You're confusing a few terms. There's latency (time to begin action), and speed ...

You're confusing a few terms. There's latency (time to begin action), and speed (time to complete after beginning).

Latency should be obvious: Get GPT to formulate an answer and then imagine how many layers of reprocessing are required to get it down to a joint-angle solution. Maybe they are shortcutting with end-to-end networks, but...

That brings us to slowness. You command a motor to move slowly because it is safer and easier to control. Less flexing, less inertia, etc. Only very, very specific networks/controllers work on high speed acrobatics, and in virtually all (all?) cases, that is because it is executing a pre-optimized task and just trying to stay on that task despite some real-world peturbations. Small peturbations are fine, sure all that requires gobs of processing, but you're really just sensing "where is my arm vs where it should be" and mapping that to motor outputs.

Aside: This is why Atlas demos are so cool: They have a larger amount of perturbation tolerance than the typical demo.

Where things really slow down is in planning. It's tremendously hard to come up with that desired path for your limbs. That adds enormous latency. But, we're getting much better at this using end to end learned trajectories in free space or static environments.

But don't get me started on reacting and replanning. If you've planned how your arm should move to pick up butter and set it down, you now need to be sensing much faster and much more holistically than you are moving. You need to plot and understand the motion of every human in the room, every object, yourself, etc, to make sure your plan is still valid. Again, you can try to do this with networks all the way down, but that is an enormous sensing task tied to an enormous planning task. So, you go slowly so that your body doesn't change much w.r.t. the environment.

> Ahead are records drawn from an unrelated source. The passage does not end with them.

lemma policy_value_le_if_advantage_nonpos:
  assumes "mdp A P" "0 < \<alpha>" "\<forall>s. \<forall>a\<in>A s. advantage P R \<alpha> v s a \<le> 0" "stationary A g"
  shows "policy_value A P R \<alpha> g $ s \<le> v $ s"
proof -
  let ?M = "mat \<alpha> - policy_generator A P g"
  have residual: "(?M *v (v - policy_value A P R \<alpha> g))$t = - (\<Sum>a\<in>A t. g t a * advantage P R \<alpha> v t a)"
    for t
    using policy_reward_minus_resolvent_nth[OF assms(4), of R \<alpha> P v t]
    by (simp add: matrix_vector_mult_diff_distrib policy_value_equation[OF assms(1,4,2)])
  have nonpos: "(\<Sum>a\<in>A t. g t a * advantage P R \<alpha> v t a) \<le> 0" for t
    using assms(3,4) unfolding stationary_def by (intro sum_nonpos) (simp add: mult_nonneg_nonpos)
  have "0 \<le> (v - policy_value A P R \<alpha> g)$s"
    by (rule generator_max_principle[OF generator_policy_generator[OF assms(1,4)] assms(2)])
      (simp add: residual nonpos)
  then show ?thesis by simp
qed

lemma policy_value_improvement:
  assumes "mdp A P" "\<forall>s. d s \<in> A s" "0 < \<alpha>" "a \<in> A s0"
    and pos: "0 < advantage P R \<alpha> (policy_value A P R \<alpha> (pure_policy d)) s0 a"
  shows "\<And>t. policy_value A P R \<alpha> (pure_policy d) $ t \<le> policy_value A P R \<alpha> (pure_policy (d(s0 := a))) $ t"
    and "policy_value A P R \<alpha> (pure_policy d) $ s0 < policy_value A P R \<alpha> (pure_policy (d(s0 := a))) $ s0"
proof -
  have fin: "\<forall>s. finite (A s)"
    using assms(1) by (simp add: mdp_def)
  let ?d' = "d(s0 := a)"
  let ?v = "policy_value A P R \<alpha> (pure_policy d)"
  let ?v' = "policy_value A P R \<alpha> (pure_policy ?d')"
  let ?M = "mat \<alpha> - policy_generator A P (pure_policy ?d')"
  have d': "\<forall>s. ?d' s \<in> A s"
    using assms(2,4) by simp
  note stat' = stationary_pure_policy[OF d' fin]
  have residual: "(?M *v (?v' - ?v))$t = advantage P R \<alpha> ?v t (?d' t)" for t
  proof -
    have "(?M *v (?v' - ?v))$t = (policy_reward A R (pure_policy ?d') - ?M *v ?v)$t"
      by (simp only: matrix_vector_mult_diff_distrib policy_value_equation[OF assms(1) stat' assms(3)])
    also have "\<dots> = (\<Sum>b\<in>A t. pure_policy ?d' t b * advantage P R \<alpha> ?v t b)"
      by (rule policy_reward_minus_resolvent_nth[OF stat'])
    also have "\<dots> = advantage P R \<alpha> ?v t (?d' t)"
      using d' fin by (intro sum_pure_policy) auto
    finally show ?thesis .
  qed
  have nonneg: "0 \<le> (?M *v (?v' - ?v))$t" for t
    using pos advantage_pure_policy_value[OF assms(1-3), of R t] by (cases "t = s0") (simp_all add: residual)
  note gen = generator_policy_generator[OF assms(1) stat']
  show "?v $ t \<le> ?v' $ t" for t
    using generator_max_principle[OF gen assms(3) nonneg, of t] by simp
  show "?v $ s0 < ?v' $ s0"
    using generator_strict_max_principle[OF gen assms(3) nonneg, of s0] pos by (simp add: residual)
qed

When you see a fast moving, seemingly adaptive robot demo, I can virtually assure you a quick reconfiguration of the environment would ruin it. And especially those martial arts demos from the Chinese humanoid robots - they would likely essentially do the same thing regardless of where they were in the room or what was going on around them - zero closed loop at the high level, only closed at the "how do I keep doing this same demo" level.

Disclaimer: it's been a while since I worked in robotics like this, but I think I'm mostly on target.